沈华见春山不死心,连忙拉住他的手查看,昨儿蹭破皮的手因为树皮摩擦已经红肿一片。好在是冬天,这要是夏天,非发炎不可。
“大哥,娘做小月子,可不能哭。”这样的小孩子懂事的太让人心疼了。
春溪也探过头来,一边拿出帕子一边埋怨:“你还没花儿懂事呢,手不想要了是怎地,这要是烂了,你指望谁出钱给你治啊,娘瞧见了不得心疼死?”
春山勉强笑了笑:“啥吃的都没找着……”
春溪叹了口气,她本来也没报太大希望,所以也不至于失望。她知道大哥话虽少,却是个心思细腻的人,只得安慰他说:“真要这般好找,不个个当猎户了?咱不是还有鱼篓子吗?”

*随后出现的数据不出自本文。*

(* Consider a network whose three-phase primary line has non-substation nodes $1,\dots,N$, and $M$ loads, each load $k$ attached to exactly one node $\nu(k)$ and having a known type: single-phase, two-phase, or three-phase. Define the $3N\times 3M$ matrices $\hat U^1,\hat U^2$ of $3\times3$ blocks, with $(n,k)$-blocks $\hat U^1_{nk}=\hat U^2_{nk}=\mathbb 0_{3\times3}$ if $n\ne\nu(k)$, and for $n=\nu(k)$: $\hat U^1_{nk}=I_3,\ \hat U^2_{nk}=\mathbb 0_{3\times3}$ if $k$ is single-phase; $\hat U^1_{nk}=\tfrac12W_1^T,\ \hat U^2_{nk}=\tfrac{\sqrt3}{6}W_2^T$ if $k$ is two-phase; $\hat U^1_{nk}=\tfrac13\mathbb 1_{3\times3},\ \hat U^2_{nk}=\mathbb 0_{3\times3}$ if $k$ is three-phase, where $$W_1=\begin{bmatrix}1&1&0\\0&1&1\\1&0&1\end{bmatrix},\qquad W_2=\begin{bmatrix}1&-1&0\\0&1&-1\\-1&0&1\end{bmatrix}.$$ Let $G,H$ be arbitrary real $3M\times 3N$ matrices and set $\hat K=G\hat U^1+H\hat U^2$, $\hat L=G\hat U^2-H\hat U^1$. With $\mathcal F$, $X(\boldsymbol x)$, $\tilde{\boldsymbol v}(t,\boldsymbol x)$, $\tilde{\boldsymbol v}(t)=\tilde{\boldsymbol v}(t,\boldsymbol x^* )+\boldsymbol n(t)$, $\boldsymbol n(t)\sim\mathcal N(\mathbf 0_M,\Sigma_n)$ and hypotheses (1)–(3) exactly as in the setting below, fix a load index $m$ and define, writing $\tilde v_m(t)$, $\tilde v_m(t,\boldsymbol x)$ for the $m$-th entries, $$f_{m,T}(\boldsymbol x)=\frac1T\sum_{t=1}^T[\tilde v_m(t)-\tilde v_m(t,\boldsymbol x)]^2.$$ Then (a) almost surely $\lim_{T\to\infty}f_{m,T}(\boldsymbol x^* )$ exists and $\liminf_{T\to\infty}f_{m,T}(\boldsymbol x)\ge\lim_{T\to\infty}f_{m,T}(\boldsymbol x^* )$ for all $\boldsymbol x\in\mathcal F$, i.e. $\boldsymbol x^*$ is a global minimizer of $f_{m,T}$ as $T\to\infty$; and (b) every $\boldsymbol x\in\mathcal F$ such that $x_m^i=x_m^{*i}$ for all $i$ and $x_k^i=x_k^{*i}$ for all $i$ and all $k\ne m$ for which load $k$ is not three-phase, satisfies $\tilde v_m(t,\boldsymbol x)=\tilde v_m(t,\boldsymbol x^* )$ for all $t$, and hence is also a global minimizer of $f_{m,T}$ as $T\to\infty$.
   Context: Setting (shared): $\mathcal F$ is the set of $\boldsymbol x=[x_1^1,x_1^2,x_1^3,\dots,x_M^1,x_M^2,x_M^3]^T\in\{0,1\}^{3M}$ with $\sum_{i=1}^3x_k^i=1$ for each $k$; $X(\boldsymbol x)=\mathrm{diag}([x_1^1\ x_1^2\ x_1^3],\dots,[x_M^1\ x_M^2\ x_M^3])$ is $M\times3M$ block diagonal; for random inputs $\tilde{\boldsymbol v}^{\mathrm{ref}}(t)\in\mathbb R^{3M}$, $\tilde{\boldsymbol p}(t),\tilde{\boldsymbol q}(t)\in\mathbb R^M$, $\tilde{\boldsymbol v}(t,\boldsymbol x)=X\tilde{\boldsymbol v}^{\mathrm{ref}}(t)+X\hat KX^T\tilde{\boldsymbol p}(t)+X\hat LX^T\tilde{\boldsymbol q}(t)$; $\boldsymbol x^*\in\mathcal F$ is the true phase connection, $\Sigma_n$ is positive definite. Hypotheses: (1) the $\boldsymbol n(t)$ are i.i.d. and the noise sequence is independent of the input sequence $(\tilde{\boldsymbol v}^{\mathrm{ref}}(t),\tilde{\boldsymbol p}(t),\tilde{\boldsymbol q}(t))_{t\ge1}$; (2) the input triples are independent across distinct times; (3) for each $\boldsymbol x\in\mathcal F$, $\sup_t\mathbb E\|\tilde{\boldsymbol v}(t,\boldsymbol x^* )-\tilde{\boldsymbol v}(t,\boldsymbol x)\|^2<\infty$. $I_n$ is the identity, $\mathbb 0_{k\times l}$, $\mathbb 1_{k\times l}$ the all-zero/all-one matrices. For a single-phase load the three connections are $AN,BN,CN$; for a two-phase (delta) load $AB,BC,CA$; for a three-phase load the index indicates which phase's voltage is measured. $f_{m,T}$ is, up to constants and positive scaling, the negative marginal log-likelihood of load $m$'s observations. *)

theory Defs
  imports "HOL-Probability.Probability"
begin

两人说着话,春溪用帕子将春山的手简单的包扎了一下,再回头时,发现小妹站在不远处发愣。正要出声喊,却见小妹转过头来冲着她做了个噤声的手势。
这是看见野物了?!
春溪和春山对看一眼,都从对方眼里看到喜气,轻手轻脚的走到沈华身后,顺着她的视线看去,一丛草木丛里一个黑黑的大屁股,这是野猪?
春山手持着破镰刀就想上前,沈华连忙扯住他。真是初生牛犊不怕虎,就是老猎手也不敢轻易对上野猪,野猪的土铠甲连一般的土枪都打不进,一把豁了口的镰刀就想上前,她摇了摇头小声说:“这个太危险,我们把它吓走。我看它在这徘徊了一会,估计这附近有吸引它的食物。”见对方有些不甘心的样子,接着劝道,“大哥若真想捉它,我们今日回去多做些准备,只这一把镰刀怕是难伤它,大哥想想村里人杀家猪时是个什么情形?”

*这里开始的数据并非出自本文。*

text \<open>Since \<open>a = B\<^sup>-\<^sup>1 v\<close>, this compares the implicit gradients \<open>u - A B\<^sup>-\<^sup>1 v\<close> and
  \<open>u' - A' B'\<^sup>-\<^sup>1 v'\<close>.\<close>
lemma implicit_gradient_perturbation:
  fixes A A' :: "'b::real_normed_vector \<Rightarrow> 'a::real_normed_vector" and B B' :: "'b \<Rightarrow> 'b"
  assumes "linear A'" "linear B'"
    and solve: "B a = v" and solve': "B' a' = v'"
    and coercive: "\<And>z. \<mu> * norm z \<le> norm (B z)" and coercive': "\<And>z. \<mu> * norm z \<le> norm (B' z)"
    and "\<mu> > 0"
    and du: "norm (u - u') \<le> e" and dv: "norm (v - v') \<le> e" and v: "norm v \<le> r"
    and dA: "\<And>z. norm (A z - A' z) \<le> c * norm z" and dB: "\<And>z. norm (B z - B' z) \<le> c * norm z"
    and "0 \<le> c"
    and A': "\<And>z. norm (A' z) \<le> L * norm z" and "0 \<le> L"
  shows "norm ((u - A a) - (u' - A' a')) \<le> e + c * r / \<mu> + L * ((c * r / \<mu> + e) / \<mu>)"
proof -
  interpret A': linear A' by fact
  interpret B': linear B' by fact
  have "norm a \<le> r / \<mu>"
    using coercive[of a] solve v \<open>\<mu> > 0\<close> by (simp add: pos_le_divide_eq mult.commute)
  then have ca: "c * norm a \<le> c * r / \<mu>"
    using mult_left_mono[OF _ \<open>0 \<le> c\<close>] by fastforce
  have "\<mu> * norm (a - a') \<le> norm ((v - v') - (B a - B' a))"
    using coercive'[of "a - a'"] solve solve' by (simp add: B'.diff)
  also have "\<dots> \<le> c * r / \<mu> + e"
    using norm_triangle_ineq4[of "v - v'" "B a - B' a"] dv dB[of a] ca by linarith
  finally have "norm (a - a') \<le> (c * r / \<mu> + e) / \<mu>"
    using pos_le_divide_eq[OF \<open>\<mu> > 0\<close>] by (metis mult.commute)
  then have da: "L * norm (a - a') \<le> L * ((c * r / \<mu> + e) / \<mu>)"
    using \<open>0 \<le> L\<close> by (rule mult_left_mono)
  have split: "(u - A a) - (u' - A' a') = ((u - u') - (A a - A' a)) - A' (a - a')"
    by (simp add: A'.diff algebra_simps)
  have "norm ((u - A a) - (u' - A' a')) \<le> e + c * norm a + L * norm (a - a')"
    unfolding split
    using du dA[of a] A'[of "a - a'"] norm_triangle_ineq4[of "(u - u') - (A a - A' a)" "A' (a - a')"]
      norm_triangle_ineq4[of "u - u'" "A a - A' a"]
    by linarith
  then show ?thesis
    using ca da by linarith
qed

春溪虽也不想放过眼前食物,但想到小妹说的,却也认同,一头家猪都需几个成年男子,他们三个小孩还是别冒险了。
见春山听进去劝,沈华脱了最外面的棉衣,兜满了土块石块指着一个树杈说:“大哥,你把我举上去。”
春山和春溪有样学样也用衣服兜满了土石块爬到树上去,三个人对着野猪的方向一顿猛砸。古时候的山里食物多,还没有出现过野猪袭击山村,糟蹋农田的情况,对人类也是敬而远之,所以沈华他们没费多少事就把野猪吓走了。其实也是赶巧,野猪本就喜欢在黄昏,清晨这样更隐蔽的环境下出来觅食,若真是大白天,根本就不会有机会碰上。
确定野猪暂时离开后,三人穿回棉衣,沈华找了根手臂粗的树枝跑在最前面说:“我们得快点,这里如果真的有东西,它肯定还会回来的。”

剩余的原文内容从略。